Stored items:
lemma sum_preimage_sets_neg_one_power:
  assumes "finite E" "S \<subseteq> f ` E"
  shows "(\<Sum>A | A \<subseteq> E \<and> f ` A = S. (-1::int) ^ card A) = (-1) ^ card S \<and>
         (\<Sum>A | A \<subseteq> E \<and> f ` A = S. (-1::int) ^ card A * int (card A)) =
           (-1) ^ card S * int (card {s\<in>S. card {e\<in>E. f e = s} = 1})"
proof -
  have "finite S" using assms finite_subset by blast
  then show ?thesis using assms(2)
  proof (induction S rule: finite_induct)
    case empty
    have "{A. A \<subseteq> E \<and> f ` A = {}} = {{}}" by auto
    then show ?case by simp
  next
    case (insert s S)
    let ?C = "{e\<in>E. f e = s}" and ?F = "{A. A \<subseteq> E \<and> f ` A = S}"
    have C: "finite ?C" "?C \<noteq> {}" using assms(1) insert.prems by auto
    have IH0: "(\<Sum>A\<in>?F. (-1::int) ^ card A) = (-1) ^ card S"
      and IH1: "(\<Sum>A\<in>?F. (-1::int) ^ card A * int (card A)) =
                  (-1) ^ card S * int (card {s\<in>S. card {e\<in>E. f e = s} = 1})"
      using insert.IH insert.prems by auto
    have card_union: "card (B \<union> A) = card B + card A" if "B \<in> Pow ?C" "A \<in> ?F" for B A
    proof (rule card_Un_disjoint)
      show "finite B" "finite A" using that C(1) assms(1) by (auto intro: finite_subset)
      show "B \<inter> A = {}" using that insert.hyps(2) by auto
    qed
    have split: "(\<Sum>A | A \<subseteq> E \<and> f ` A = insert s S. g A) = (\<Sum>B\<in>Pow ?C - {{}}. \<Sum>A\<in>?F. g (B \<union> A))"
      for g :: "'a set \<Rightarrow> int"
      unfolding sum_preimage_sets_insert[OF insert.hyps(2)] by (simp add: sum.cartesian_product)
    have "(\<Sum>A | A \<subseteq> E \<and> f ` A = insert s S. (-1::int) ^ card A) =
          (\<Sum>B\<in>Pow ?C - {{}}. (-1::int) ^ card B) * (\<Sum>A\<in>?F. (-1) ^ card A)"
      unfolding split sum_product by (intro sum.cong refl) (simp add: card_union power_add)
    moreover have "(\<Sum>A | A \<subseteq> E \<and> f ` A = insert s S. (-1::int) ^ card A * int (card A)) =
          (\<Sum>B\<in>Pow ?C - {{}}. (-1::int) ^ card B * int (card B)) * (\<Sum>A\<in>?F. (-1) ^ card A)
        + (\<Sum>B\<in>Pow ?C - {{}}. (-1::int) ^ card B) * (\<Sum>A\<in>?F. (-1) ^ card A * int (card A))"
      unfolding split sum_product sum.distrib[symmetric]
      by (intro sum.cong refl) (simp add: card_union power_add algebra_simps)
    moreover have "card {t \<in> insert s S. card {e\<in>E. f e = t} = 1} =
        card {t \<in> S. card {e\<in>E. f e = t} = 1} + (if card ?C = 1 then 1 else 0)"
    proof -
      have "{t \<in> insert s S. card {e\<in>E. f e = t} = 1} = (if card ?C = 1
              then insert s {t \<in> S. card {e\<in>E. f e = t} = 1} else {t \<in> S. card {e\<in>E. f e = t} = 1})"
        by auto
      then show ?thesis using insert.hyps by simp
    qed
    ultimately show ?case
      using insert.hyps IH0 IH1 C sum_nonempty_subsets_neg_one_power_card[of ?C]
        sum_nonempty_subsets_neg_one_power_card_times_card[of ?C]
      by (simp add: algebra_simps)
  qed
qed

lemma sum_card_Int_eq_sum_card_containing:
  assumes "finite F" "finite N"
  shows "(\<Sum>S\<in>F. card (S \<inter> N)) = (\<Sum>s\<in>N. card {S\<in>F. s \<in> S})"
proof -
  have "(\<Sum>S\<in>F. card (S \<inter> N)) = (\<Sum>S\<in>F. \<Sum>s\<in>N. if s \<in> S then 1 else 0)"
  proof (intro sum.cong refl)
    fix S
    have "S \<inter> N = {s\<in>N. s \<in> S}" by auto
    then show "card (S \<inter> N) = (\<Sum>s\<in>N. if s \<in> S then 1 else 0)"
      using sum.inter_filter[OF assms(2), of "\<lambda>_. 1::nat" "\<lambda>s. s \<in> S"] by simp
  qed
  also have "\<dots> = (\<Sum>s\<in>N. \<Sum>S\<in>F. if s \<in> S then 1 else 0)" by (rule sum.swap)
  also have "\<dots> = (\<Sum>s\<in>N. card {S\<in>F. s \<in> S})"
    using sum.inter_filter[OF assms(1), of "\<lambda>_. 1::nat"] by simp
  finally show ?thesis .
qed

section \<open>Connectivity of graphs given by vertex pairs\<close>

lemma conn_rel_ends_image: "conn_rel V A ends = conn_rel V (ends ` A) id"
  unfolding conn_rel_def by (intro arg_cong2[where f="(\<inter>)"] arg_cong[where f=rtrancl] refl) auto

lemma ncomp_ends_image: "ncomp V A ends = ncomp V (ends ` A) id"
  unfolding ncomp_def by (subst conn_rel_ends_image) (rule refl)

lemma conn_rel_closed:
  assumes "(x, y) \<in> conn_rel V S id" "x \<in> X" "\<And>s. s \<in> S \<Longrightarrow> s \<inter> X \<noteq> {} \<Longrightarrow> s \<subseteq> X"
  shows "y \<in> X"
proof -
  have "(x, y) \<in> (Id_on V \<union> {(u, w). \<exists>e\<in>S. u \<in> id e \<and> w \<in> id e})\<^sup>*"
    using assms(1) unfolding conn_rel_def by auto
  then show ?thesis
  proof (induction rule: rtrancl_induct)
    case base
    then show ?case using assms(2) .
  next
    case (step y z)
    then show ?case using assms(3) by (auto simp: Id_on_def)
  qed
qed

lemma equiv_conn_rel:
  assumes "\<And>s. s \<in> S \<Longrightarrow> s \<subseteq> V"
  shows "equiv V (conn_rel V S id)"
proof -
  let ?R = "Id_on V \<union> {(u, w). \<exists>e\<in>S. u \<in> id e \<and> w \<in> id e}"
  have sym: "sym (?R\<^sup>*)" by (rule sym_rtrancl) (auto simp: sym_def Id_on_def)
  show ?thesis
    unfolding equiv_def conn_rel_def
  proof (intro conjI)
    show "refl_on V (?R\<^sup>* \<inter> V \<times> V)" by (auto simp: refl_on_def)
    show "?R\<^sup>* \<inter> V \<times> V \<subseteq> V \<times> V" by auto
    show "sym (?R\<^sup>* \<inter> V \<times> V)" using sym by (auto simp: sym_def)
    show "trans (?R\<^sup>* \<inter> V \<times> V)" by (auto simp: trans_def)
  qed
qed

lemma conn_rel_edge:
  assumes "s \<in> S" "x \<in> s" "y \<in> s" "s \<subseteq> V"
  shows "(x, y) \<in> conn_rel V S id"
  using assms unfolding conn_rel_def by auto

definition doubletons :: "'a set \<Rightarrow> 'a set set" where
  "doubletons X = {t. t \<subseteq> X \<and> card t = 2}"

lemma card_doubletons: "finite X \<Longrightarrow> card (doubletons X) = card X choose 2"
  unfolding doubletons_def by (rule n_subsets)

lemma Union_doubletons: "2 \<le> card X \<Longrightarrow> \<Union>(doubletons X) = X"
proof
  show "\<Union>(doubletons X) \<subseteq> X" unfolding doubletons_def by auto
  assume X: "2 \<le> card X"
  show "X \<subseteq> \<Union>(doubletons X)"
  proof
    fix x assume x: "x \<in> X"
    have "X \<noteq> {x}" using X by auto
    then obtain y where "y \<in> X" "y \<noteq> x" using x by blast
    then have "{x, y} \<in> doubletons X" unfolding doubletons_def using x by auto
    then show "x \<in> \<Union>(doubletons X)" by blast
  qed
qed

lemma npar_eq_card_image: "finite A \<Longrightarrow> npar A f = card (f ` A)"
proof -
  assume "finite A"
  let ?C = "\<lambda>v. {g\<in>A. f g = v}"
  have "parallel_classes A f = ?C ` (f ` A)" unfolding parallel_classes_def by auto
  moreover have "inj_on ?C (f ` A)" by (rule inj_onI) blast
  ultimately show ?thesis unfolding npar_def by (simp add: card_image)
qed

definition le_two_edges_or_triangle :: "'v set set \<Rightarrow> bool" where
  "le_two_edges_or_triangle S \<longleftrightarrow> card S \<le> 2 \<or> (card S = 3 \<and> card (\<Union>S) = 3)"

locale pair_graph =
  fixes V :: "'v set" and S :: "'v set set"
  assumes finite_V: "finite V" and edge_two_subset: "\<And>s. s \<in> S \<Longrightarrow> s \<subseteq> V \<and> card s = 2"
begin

---

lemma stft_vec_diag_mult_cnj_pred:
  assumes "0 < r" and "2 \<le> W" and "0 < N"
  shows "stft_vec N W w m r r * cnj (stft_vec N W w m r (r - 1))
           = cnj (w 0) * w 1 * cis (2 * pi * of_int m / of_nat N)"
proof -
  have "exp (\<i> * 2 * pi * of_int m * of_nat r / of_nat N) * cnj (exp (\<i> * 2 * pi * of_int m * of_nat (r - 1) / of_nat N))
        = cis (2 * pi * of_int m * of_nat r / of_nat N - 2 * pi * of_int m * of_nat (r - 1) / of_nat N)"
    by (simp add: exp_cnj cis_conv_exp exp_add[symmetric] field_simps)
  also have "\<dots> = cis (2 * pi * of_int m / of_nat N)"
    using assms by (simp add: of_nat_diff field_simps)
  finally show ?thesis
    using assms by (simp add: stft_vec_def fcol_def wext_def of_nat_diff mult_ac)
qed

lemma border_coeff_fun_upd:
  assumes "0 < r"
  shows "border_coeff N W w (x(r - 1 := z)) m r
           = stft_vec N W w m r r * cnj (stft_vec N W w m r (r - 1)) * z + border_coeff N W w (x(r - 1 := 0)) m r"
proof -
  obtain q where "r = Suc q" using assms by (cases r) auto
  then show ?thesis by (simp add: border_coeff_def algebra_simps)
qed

# Your goal:
Above are some lines. Repeat exactly, and only, those from the line that has "unfolding conn_rel_def by (intro" through the line that has "set \<Rightarrow> 'a".

# Result for this task:
  unfolding conn_rel_def by (intro arg_cong2[where f="(\<inter>)"] arg_cong[where f=rtrancl] refl) auto

lemma ncomp_ends_image: "ncomp V A ends = ncomp V (ends ` A) id"
  unfolding ncomp_def by (subst conn_rel_ends_image) (rule refl)

lemma conn_rel_closed:
  assumes "(x, y) \<in> conn_rel V S id" "x \<in> X" "\<And>s. s \<in> S \<Longrightarrow> s \<inter> X \<noteq> {} \<Longrightarrow> s \<subseteq> X"
  shows "y \<in> X"
proof -
  have "(x, y) \<in> (Id_on V \<union> {(u, w). \<exists>e\<in>S. u \<in> id e \<and> w \<in> id e})\<^sup>*"
    using assms(1) unfolding conn_rel_def by auto
  then show ?thesis
  proof (induction rule: rtrancl_induct)
    case base
    then show ?case using assms(2) .
  next
    case (step y z)
    then show ?case using assms(3) by (auto simp: Id_on_def)
  qed
qed

lemma equiv_conn_rel:
  assumes "\<And>s. s \<in> S \<Longrightarrow> s \<subseteq> V"
  shows "equiv V (conn_rel V S id)"
proof -
  let ?R = "Id_on V \<union> {(u, w). \<exists>e\<in>S. u \<in> id e \<and> w \<in> id e}"
  have sym: "sym (?R\<^sup>*)" by (rule sym_rtrancl) (auto simp: sym_def Id_on_def)
  show ?thesis
    unfolding equiv_def conn_rel_def
  proof (intro conjI)
    show "refl_on V (?R\<^sup>* \<inter> V \<times> V)" by (auto simp: refl_on_def)
    show "?R\<^sup>* \<inter> V \<times> V \<subseteq> V \<times> V" by auto
    show "sym (?R\<^sup>* \<inter> V \<times> V)" using sym by (auto simp: sym_def)
    show "trans (?R\<^sup>* \<inter> V \<times> V)" by (auto simp: trans_def)
  qed
qed

lemma conn_rel_edge:
  assumes "s \<in> S" "x \<in> s" "y \<in> s" "s \<subseteq> V"
  shows "(x, y) \<in> conn_rel V S id"
  using assms unfolding conn_rel_def by auto

definition doubletons :: "'a set \<Rightarrow> 'a set set" where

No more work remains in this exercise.